Case Name: Tris Pharma, Inc. v. Teva Pharms. USA, Inc., Civ. No. 20-5212 (KM)(ESK) (D.N.J. Aug. 16, 2022) (McNulty, J.)
Drug Product and Patent(s)-in-Suit: QuilliChew ER® (methylphenidate); U.S. Patents Nos. 9,545,399 (“the ’399 patent”), 9,844,544 (“the ’544 patent”), 9,844,545 (“the ’545 patent”), 11,103,494 (“the ’494 patent”), and 11,103,495 (“the ’495 patent”)
Nature of the Case and Issue(s) Presented: QuilliChew is a chewable extended-release product indicated for the treatment of ADHD. Prior to QuilliChew, there were extended-release pill formulations and chewable immediate release formulations, but there were no chewable extended-release formulations. Tris sued Teva alleging infringement of the patents-in-suit. In response, Teva raised obviousness and indefiniteness defenses. The court conducted a four-day bench trial and found all asserted claims infringed and rejected Teva’s defenses.
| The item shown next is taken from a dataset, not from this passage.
(* Let $\mathbb{H}^2$ (curvature $-1$) be represented by the Beltrami–Klein model on the open unit disk $D$, and let $K\subset D$ be a compact convex set with nonempty interior. Then the hyperbolic perimeter of $K$ is $$\mathcal{P}=\frac12\int_0^{2\pi}w(\varphi)\,d\varphi,\qquad w(\varphi)=\cot\psi_1(\varphi)-\cot\psi_2(\varphi),$$ where $w(\varphi)$ is the Euclidean length of the projection of $K$ from $R(\varphi)$ onto the $\varphi$-normal, i.e. the Euclidean distance between the two points where the two support lines of $K$ through $R(\varphi)$ meet the $\varphi$-normal (extended as a full Euclidean line if necessary).
   Context: Beltrami–Klein model: $D$ with the Hilbert metric $h(P,Q)=\frac12\log\!\left(\frac{|AQ|}{|AP|}\frac{|BP|}{|BQ|}\right)$, where $A,B$ are the points where the Euclidean line $PQ$ meets the unit circle, in order $A,P,Q,B$; this is the hyperbolic plane of curvature $-1$ and the perimeter is the $h$-length of $\partial K$. For $\varphi\in[0,2\pi)$: $R(\varphi)=(\cos\varphi,\sin\varphi)$ (ideal point), $e(\varphi)=(-\sin\varphi,\cos\varphi)$, and the $\varphi$-normal is the Euclidean line $\{t\,e(\varphi):t\in\mathbb{R}\}$ through the origin perpendicular to $OR$. For $X\in D$ let $\psi_X(\varphi)\in(0,\pi)$ be the counterclockwise angle from $e(\varphi)$ to the direction of $X-R(\varphi)$; $\psi_1(\varphi)=\min_{X\in K}\psi_X(\varphi)$, $\psi_2(\varphi)=\max_{X\in K}\psi_X(\varphi)$. The line through $R(\varphi)$ at counterclockwise angle $\psi$ from $e(\varphi)$ meets the $\varphi$-normal at $t=\cot\psi$. *)

theory Defs
  imports "HOL-Analysis.Analysis"
begin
Why Tris Prevailed: Teva acknowledged that a chewable extended-release formulation was not disclosed in a single prior art reference, but nevertheless argued that the claims were obvious because multiple prior art references disclosed chewable extended-release products. But the court concluded that collectively the art taught that extended-release formulations could not be chewed or crushed while maintaining their effectiveness, and in many cases taught that they should not be chewed. The court also found that long felt need and industry praise supported a finding of non-obviousness. And while the court found that certain PK limitations would have been obvious, each dependent claim reciting such a limitation depended from an independent claim reciting a chewable extended-release product. As a result, no claims were invalid as obvious.
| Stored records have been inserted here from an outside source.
lemma gdecomp_exists: "\<exists>ss. gdecomp f i s ss"
proof -
  define A where "A = {x. prefix (f i x) (f i s)}"
  have "A = f i -` set (prefixes (f i s))" unfolding A_def by auto
  then have "finite A" using finite_vimageI[OF _ inj_f] by simp
  have by_length: "prefix (f i a) (f i b)" if "a \<in> A" "b \<in> A" "length (f i a) \<le> length (f i b)" for a b
    using that prefix_length_prefix unfolding A_def by blast
  have "inj_on (\<lambda>x. length (f i x)) A"
  proof (rule inj_onI)
    fix a b assume "a \<in> A" "b \<in> A" "length (f i a) = length (f i b)"
    then have "f i a = f i b" using by_length by (simp add: prefix_order.eq_iff)
    then show "a = b" using inj_f by (simp add: inj_eq)
  qed
  then interpret folding_insort_key "(\<le>) :: nat \<Rightarrow> nat \<Rightarrow> bool" "(<)" A "\<lambda>x. length (f i x)"
    by unfold_locales
  obtain ss where lengths: "sorted_wrt (<) (map (\<lambda>x. length (f i x)) ss)" and set: "set ss = A"
    using finite_set_strict_sorted[OF subset_refl \<open>finite A\<close>] by blast
  from lengths have sorted: "sorted_wrt (\<lambda>a b. strict_prefix (f i a) (f i b)) ss"
    unfolding sorted_wrt_map
  proof (rule sorted_wrt_mono_rel[rotated])
    fix a b assume "a \<in> set ss" "b \<in> set ss" "length (f i a) < length (f i b)"
    then show "strict_prefix (f i a) (f i b)"
      using by_length[of a b] unfolding set strict_prefix_def by auto
  qed
  have "s \<in> set ss" unfolding set A_def by simp
  moreover have "last ss = s"
  proof (rule last_sorted_wrt[OF sorted \<open>s \<in> set ss\<close>])
    show "strict_prefix (f i y) (f i s)" if "y \<in> set ss" "y \<noteq> s" for y
      using that inj_f unfolding set A_def by (auto simp: strict_prefix_def inj_eq)
  qed (simp add: prefix_order.less_asym)
  ultimately have "gdecomp f i s ss"
    using sorted set unfolding gdecomp_def A_def codeword_prefixes by auto
  then show ?thesis ..
qed

lemma gdecomp_unique: "gdecomp f i s ss \<Longrightarrow> gdecomp f i s ss' \<Longrightarrow> ss = ss'"
  unfolding gdecomp_def
  by (rule sorted_wrt_unique[where R = "\<lambda>a b. strict_prefix (f i a) (f i b)"])
    (auto dest: prefix_order.less_asym)

lemma ddf_eq_ddcat: "gdecomp f i s ss \<Longrightarrow> ddf f \<tau> i s = ddcat f \<tau> i (map (f i) ss)"
  using someI_ex[OF gdecomp_exists] gdecomp_unique unfolding ddf_def ddcat_def by auto

lemma length_ddgamma_gdecomp:
  assumes "gdecomp f i s ss" "r < length ss"
  shows "length (ddgamma f \<tau> i (map (f i) ss) r) = length (gamma (map (f i) ss) r)"
proof (cases r)
  case 0
  then show ?thesis by (simp add: ddgamma_0 gamma_def length_recode_first)
next
  case (Suc r')
  then have "strict_prefix (f i (ss ! r')) (f i (ss ! r))"
    using sorted_gdecomp[OF assms(1)] assms(2) by (simp add: sorted_wrt_iff_nth_less)
  then have "2 \<le> length (gamma (map (f i) ss) r)"
    using length_codeword_gap Suc assms(2) by (fastforce simp: gamma_def)
  then show ?thesis using Suc by (simp add: ddgamma_pos)
qed

lemma length_ddf: "length (ddf f \<tau> i s) = length (f i s)"
proof -
  obtain ss where ss: "gdecomp f i s ss" using gdecomp_exists ..
  have "length (ddcat f \<tau> i (map (f i) ss)) = length (last (map (f i) ss))"
  proof (rule length_ddcat)
    show "sorted_wrt prefix (map (f i) ss)"
      using sorted_gdecomp[OF ss] by (rule sorted_wrt_mono_rel[rotated]) simp
    show "map (f i) ss \<noteq> []" using ss unfolding gdecomp_def by simp
  qed (use length_ddgamma_gdecomp[OF ss] in simp)
  moreover have "last (map (f i) ss) = f i s"
    using ss unfolding gdecomp_def by (simp add: last_map)
  ultimately show ?thesis by (simp add: ddf_eq_ddcat[OF ss])
qed

lemma takeWhile_gdecomp_eq:
  assumes "gdecomp f i s ss" "gdecomp f i s' ss'" "prefix p (f i s)" "prefix p (f i s')"
  shows "takeWhile (\<lambda>x. prefix (f i x) p) ss = takeWhile (\<lambda>x. prefix (f i x) p) ss'"
proof -
  let ?Q = "\<lambda>x. prefix (f i x) p"
  have take: "takeWhile ?Q xs = filter ?Q xs" and set: "set (filter ?Q xs) = {x. ?Q x}"
    and sorted: "sorted_wrt (\<lambda>a b. strict_prefix (f i a) (f i b)) (filter ?Q xs)"
    if xs: "gdecomp f i t xs" "prefix p (f i t)" for t xs
  proof -
    have sorted_xs: "sorted_wrt (\<lambda>a b. strict_prefix (f i a) (f i b)) xs"
      using xs(1) unfolding gdecomp_def by simp
    have "filter ?Q xs = takeWhile ?Q xs"
      by (rule sorted_wrt_filter_eq_takeWhile[OF sorted_xs])
        (auto dest: prefix_order.less_imp_le intro: prefix_order.trans)
    then show "takeWhile ?Q xs = filter ?Q xs" ..
    show "set (filter ?Q xs) = {x. ?Q x}"
      using set_gdecomp[OF xs(1)] xs(2) by (auto intro: prefix_order.trans)
    show "sorted_wrt (\<lambda>a b. strict_prefix (f i a) (f i b)) (filter ?Q xs)"
      using sorted_xs by (rule sorted_wrt_filter)
  qed
  have "filter ?Q ss = filter ?Q ss'"
    using sorted[OF assms(1,3)] sorted[OF assms(2,4)] set[OF assms(1,3)] set[OF assms(2,4)]
    by (intro sorted_wrt_unique[where R = "\<lambda>a b. strict_prefix (f i a) (f i b)"])
      (auto dest: prefix_order.less_asym)
  then show ?thesis using take[OF assms(1,3)] take[OF assms(2,4)] by simp
qed

lemma prefix_ddf_if_prefix:
  assumes "prefix (f i s) (f i s')"
  shows "prefix (ddf f \<tau> i s) (ddf f \<tau> i s')"
proof -
  obtain ss ss' where ss: "gdecomp f i s ss" and ss': "gdecomp f i s' ss'"
    using gdecomp_exists by blast
  let ?Q = "\<lambda>x. prefix (f i x) (f i s)"
  have "takeWhile ?Q ss = ss" using set_gdecomp[OF ss] by simp
  then have "ss = takeWhile ?Q ss'" using takeWhile_gdecomp_eq[OF ss ss' _ assms] by simp
  then have "prefix ss ss'" by (simp add: takeWhile_is_prefix)
  then show ?thesis
    unfolding ddf_eq_ddcat[OF ss] ddf_eq_ddcat[OF ss'] by (intro prefix_ddcat map_mono_prefix)
qed

lemma ddgamma_snoc_parallel:
  assumes "\<forall>u\<in>set us. strict_prefix (f i u) (f i t)" "\<forall>u\<in>set us. strict_prefix (f i u) (f i t')"
    and "f i t \<parallel> f i t'"
  shows "ddgamma f \<tau> i (map (f i) us @ [f i t]) (length us)
    \<parallel> ddgamma f \<tau> i (map (f i) us @ [f i t']) (length us)"
proof (cases "us = []")
  case True
  then show ?thesis
    using recode_first_parallel[OF Pk_subset card_Pk[OF i_less] admissible_codeword admissible_codeword assms(3)]
    by (simp add: ddgamma_0)
next
  case False
  define n where "n = length (f i (last us))"
  have dd: "ddgamma f \<tau> i (map (f i) us @ [f i x]) (length us) = [False, False] @ drop 2 (drop n (f i x))" for x
    using gamma_snoc[of "map (f i) us" "f i x"] False by (simp add: ddgamma_pos last_map n_def)
  have sp: "strict_prefix (f i (last us)) (f i t)" "strict_prefix (f i (last us)) (f i t')"
    using assms(1,2) False by simp_all
  then obtain z z' where "f i t = f i (last us) @ z" "f i t' = f i (last us) @ z'"
    by (meson prefixE strict_prefix_def)
  then have "drop n (f i t) \<parallel> drop n (f i t')"
    using assms(3) by (simp add: n_def parallel_append_left_iff)
  moreover have "take 2 (drop n (f i t)) = take 2 (drop n (f i t'))"
    using codeword_extensions_agree[OF sp] unfolding n_def .
  ultimately have "drop 2 (drop n (f i t)) \<parallel> drop 2 (drop n (f i t'))"
    using parallel_drop_if_take_eq[of 2 "drop n (f i t)" "drop n (f i t')"] by blast
  then show ?thesis unfolding dd by (simp only: parallel_append_left_iff)
qed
Next, Teva relies on indefiniteness arguments because the claims used the language “essentially the same.” Teva argued that this was a term of degree without objective boundaries because a POSA would not understand if the drug’s PK profile was essentially the same as Figure 1. The court disagreed, explaining that a POSA would know how to conduct a visual comparison, examining AUC, Tmax, Cmax, and a single-mean profile.
On infringement, Teva argued that it did not infringe the claim limitation requiring a therapeutic effect that lasts longer than 10.8 hours. The court explained that this limitation was infringed because the label noted only a 20.6% chance that the difference between the QuilliChew and control group’s scores were the result of random variation and thus a reciprocal 79.4% chance that the differences were the result of QuilliChew’s therapeutic effect. Because this metric was greater than 50%, Tris satisfied its burden to prove infringement.
Teva next argued that it could not infringe the limitations reciting 18% to 55% w/w for the barrier coating. Teva’s product had a barrier coating of 17% w/w. In particular, Teva argued that the disclosure-dedication rule precluded application of the doctrine of equivalents because the specification included various coating ranges, including between 10% and 70% w/w. But the court found that the broader range in the specification was not a mutually exclusive alternative to the claimed range, and thus the disclosure-dedication rule was not applicable.
Teva next argued that it did not infringe claims reciting a single mean plasma concentration peak between about 4 hours to about 5.25 hours under fasted conditions. Teva argued that it could not infringe because its ANDA product reaches its maximum concentration before the claimed range. The court explained, however, that the relevant inquiry was not the location of Tmax, but where the peak was located. Because 51% of the length of Teva ANDA product’s range occurred within the claimed range, it was found to infringe.
Finally, the court found that Teva’s ANDA product infringed the Figure 1 claims because the proposed label included Figure 1. Specifically, the only difference between Teva’s ANDA product and Tris’s label was a statement that the Figure 1 graph depicts, not QuilliChew, but methylphenidate hydrochloride extended-release chewable tablets.